Required work
Each line of the records that holds the word "close" should be copied out.

Extracted material
——————————

lemma alternating_Suc:
  assumes "even N"
    and no_bbb: "\<And>x. symbol_at x = Circ \<or> symbol_at (x + 1) = Circ \<or> symbol_at (x + 2) = Circ"
    and no_pattern: "\<not> (\<exists>n\<ge>1. occurs_cyclically N c (pattern n))"
    and bullets: "symbol_at s = Bullet" "symbol_at (s + 1) = Bullet"
    and alt: "alternating s n"
    and no_double_circ: "\<not> double_circ_at (s + 2 * n + 2)"
  shows "alternating s (Suc n)"
proof -
  have circ: "symbol_at (s + 2 * n + 2) = Circ"
  proof (rule ccontr)
    assume "symbol_at (s + 2 * n + 2) \<noteq> Circ"
    then have bullet: "symbol_at (s + 2 * n + 2) = Bullet" by simp
    have "n = 0 \<or> 1 \<le> n \<and> 2 * n + 3 \<le> N \<or> 1 \<le> n \<and> N \<le> 2 * n \<or> 1 \<le> n \<and> N = 2 * n + 2"
      using \<open>even N\<close> by presburger
    then consider "n = 0" | "1 \<le> n" "2 * n + 3 \<le> N" | "1 \<le> n" "N \<le> 2 * n" | "1 \<le> n" "N = 2 * n + 2"
      by blast
    then show False
    proof cases
      case 1
      with no_bbb[of s] bullets bullet show False by simp
    next
      case 2
      with occurs_cyclically_pattern[OF bullets alt bullet] no_pattern show False by blast
    next
      case 3
      with \<open>even N\<close> N_pos obtain l where "N = 2 * l" "1 \<le> l" "l \<le> n" by (auto elim!: evenE)
      moreover from alt \<open>1 \<le> l\<close> \<open>l \<le> n\<close> have "symbol_at (s + 2 * l) = Circ"
        by (simp add: alternating_def)
      ultimately show False using bullets by (metis symbol_at_add_period symbol.distinct(1))
    next
      case 4
      \<comment> \<open>the run closes up: positions \<open>2n + 1\<close>, \<open>2n + 2\<close>, \<open>2n + 3 \<equiv> 1\<close> are Bullets\<close>
      have "symbol_at (s + 2 * n + 1) = Bullet"
        using alt \<open>1 \<le> n\<close> by (simp add: alternating_def)
      moreover have "s + 2 * n + 1 + 2 = s + 1 + N"
        using \<open>N = 2 * n + 2\<close> by simp
      then have "symbol_at (s + 2 * n + 1 + 2) = Bullet"
        using bullets(2) by (metis symbol_at_add_period)
      ultimately show False
        using no_bbb[of "s + 2 * n + 1"] bullet by simp
    qed
  qed
  with no_double_circ have "symbol_at (Suc (s + 2 * n + 2)) = Bullet"
    by (simp add: double_circ_at_def)
  moreover have "s + 2 * Suc n = s + 2 * n + 2" "s + 2 * Suc n + 1 = Suc (s + 2 * n + 2)" by simp_all
  ultimately have "symbol_at (s + 2 * Suc n) = Circ \<and> symbol_at (s + 2 * Suc n + 1) = Bullet"
    using circ by metis
  with alt show ?thesis
    unfolding alternating_def by (metis le_Suc_eq)
qed

lemma double_circ_after_bullet_pair:
  assumes "even N"
    and no_bbb: "\<And>x. symbol_at x = Circ \<or> symbol_at (x + 1) = Circ \<or> symbol_at (x + 2) = Circ"
    and no_pattern: "\<not> (\<exists>n\<ge>1. occurs_cyclically N c (pattern n))"
    and bullets: "symbol_at s = Bullet" "symbol_at (s + 1) = Bullet"
  shows "\<exists>n. alternating s n \<and> double_circ_at (s + 2 * n + 2)"
proof (rule ccontr)
  assume no_double_circ: "\<not> ?thesis"
  have alt: "alternating s n" for n
  proof (induction n)
    case 0
    show ?case by (simp add: alternating_def)
  next
    case (Suc n)
    with no_double_circ show ?case
      by (intro alternating_Suc[OF assms]) auto
  qed
  have "symbol_at (s + 2 * N) = Circ"
    using alt[of N] N_pos by (simp add: alternating_def)
  moreover have "s + 2 * N = s + N + N" by simp
  ultimately show False
    using bullets(1) by (metis symbol_at_add_period symbol.distinct(1))
qed

lemma card_bullet_pairs_le_card_circ_pairs:
  assumes double_circ: "\<And>s. symbol_at s = Bullet \<Longrightarrow> symbol_at (s + 1) = Bullet \<Longrightarrow>
      \<exists>n. alternating s n \<and> double_circ_at (s + 2 * n + 2)"
  shows "card (pair_positions Bullet Bullet) \<le> card (pair_positions Circ Circ)"
proof -
  let ?BB = "pair_positions Bullet Bullet"
  have "\<forall>s\<in>?BB. \<exists>n. alternating s n \<and> double_circ_at (s + 2 * n + 2)"
    using double_circ by (simp add: pair_positions_def)
  then obtain run where run: "\<And>s. s \<in> ?BB \<Longrightarrow>
      alternating s (run s) \<and> double_circ_at (s + 2 * run s + 2)"
    by metis
  define target where "target s = (s + 2 * run s + 2) mod N" for s
  have "target ` ?BB \<subseteq> pair_positions Circ Circ"
  proof
    fix x assume "x \<in> target ` ?BB"
    then obtain s where "s \<in> ?BB" "x = target s" by blast
    with run[of s] have "double_circ_at x" by (simp add: target_def)
    with \<open>x = target s\<close> N_pos show "x \<in> pair_positions Circ Circ"
      by (simp add: target_def pair_positions_def double_circ_at_def)
  qed
  moreover have "inj_on target ?BB"
  proof -
    have run_mono: False if s: "s \<in> ?BB" "t \<in> ?BB" and "run s < run t" and "target s = target t" for s t
    proof -
      define l where "l = run t - run s"
      have "(s + 2 * run s + 2) mod N = (t + 2 * l + (2 * run s + 2)) mod N"
        using \<open>target s = target t\<close> \<open>run s < run t\<close> by (simp add: target_def l_def algebra_simps)
      then have "s mod N = (t + 2 * l) mod N"
        using mod_add_right_cancel[of s "2 * run s + 2" N "t + 2 * l"] by (simp add: add.assoc)
      moreover have "symbol_at (t + 2 * l) = Circ"
        using run[OF s(2)] \<open>run s < run t\<close> by (simp add: alternating_def l_def)
      ultimately have "symbol_at s = Circ"
        by (metis symbol_at_mod)
      with s(1) show False by (simp add: pair_positions_def)
    qed
    show ?thesis
    proof (intro inj_onI)
      fix s t assume "s \<in> ?BB" "t \<in> ?BB" "target s = target t"
      then have "\<not> run s < run t" "\<not> run t < run s"
        using run_mono[of s t] run_mono[of t s] by auto
      then have "run s = run t" by simp
      with \<open>target s = target t\<close> have "s mod N = t mod N"
        using mod_add_right_cancel[of s "2 * run s + 2" N t] by (simp add: target_def add.assoc)
      with \<open>s \<in> ?BB\<close> \<open>t \<in> ?BB\<close> show "s = t" by (simp add: pair_positions_def)
    qed
  qed
  ultimately show ?thesis
    by (intro card_inj_on_le) (auto simp: pair_positions_def)
qed

end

——————————

Completed task
      using \<open>even N\<close> by presburger
      with \<open>even N\<close> N_pos obtain l where "N = 2 * l" "1 \<le> l" "l \<le> n" by (auto elim!: evenE)
      moreover from alt \<open>1 \<le> l\<close> \<open>l \<le> n\<close> have "symbol_at (s + 2 * l) = Circ"
      \<comment> \<open>the run closes up: positions \<open>2n + 1\<close>, \<open>2n + 2\<close>, \<open>2n + 3 \<equiv> 1\<close> are Bullets\<close>
        using alt \<open>1 \<le> n\<close> by (simp add: alternating_def)
        using \<open>N = 2 * n + 2\<close> by simp
    with \<open>x = target s\<close> N_pos show "x \<in> pair_positions Circ Circ"
        using \<open>target s = target t\<close> \<open>run s < run t\<close> by (simp add: target_def l_def algebra_simps)
        using run[OF s(2)] \<open>run s < run t\<close> by (simp add: alternating_def l_def)
      with \<open>target s = target t\<close> have "s mod N = t mod N"
      with \<open>s \<in> ?BB\<close> \<open>t \<in> ?BB\<close> show "s = t" by (simp add: pair_positions_def)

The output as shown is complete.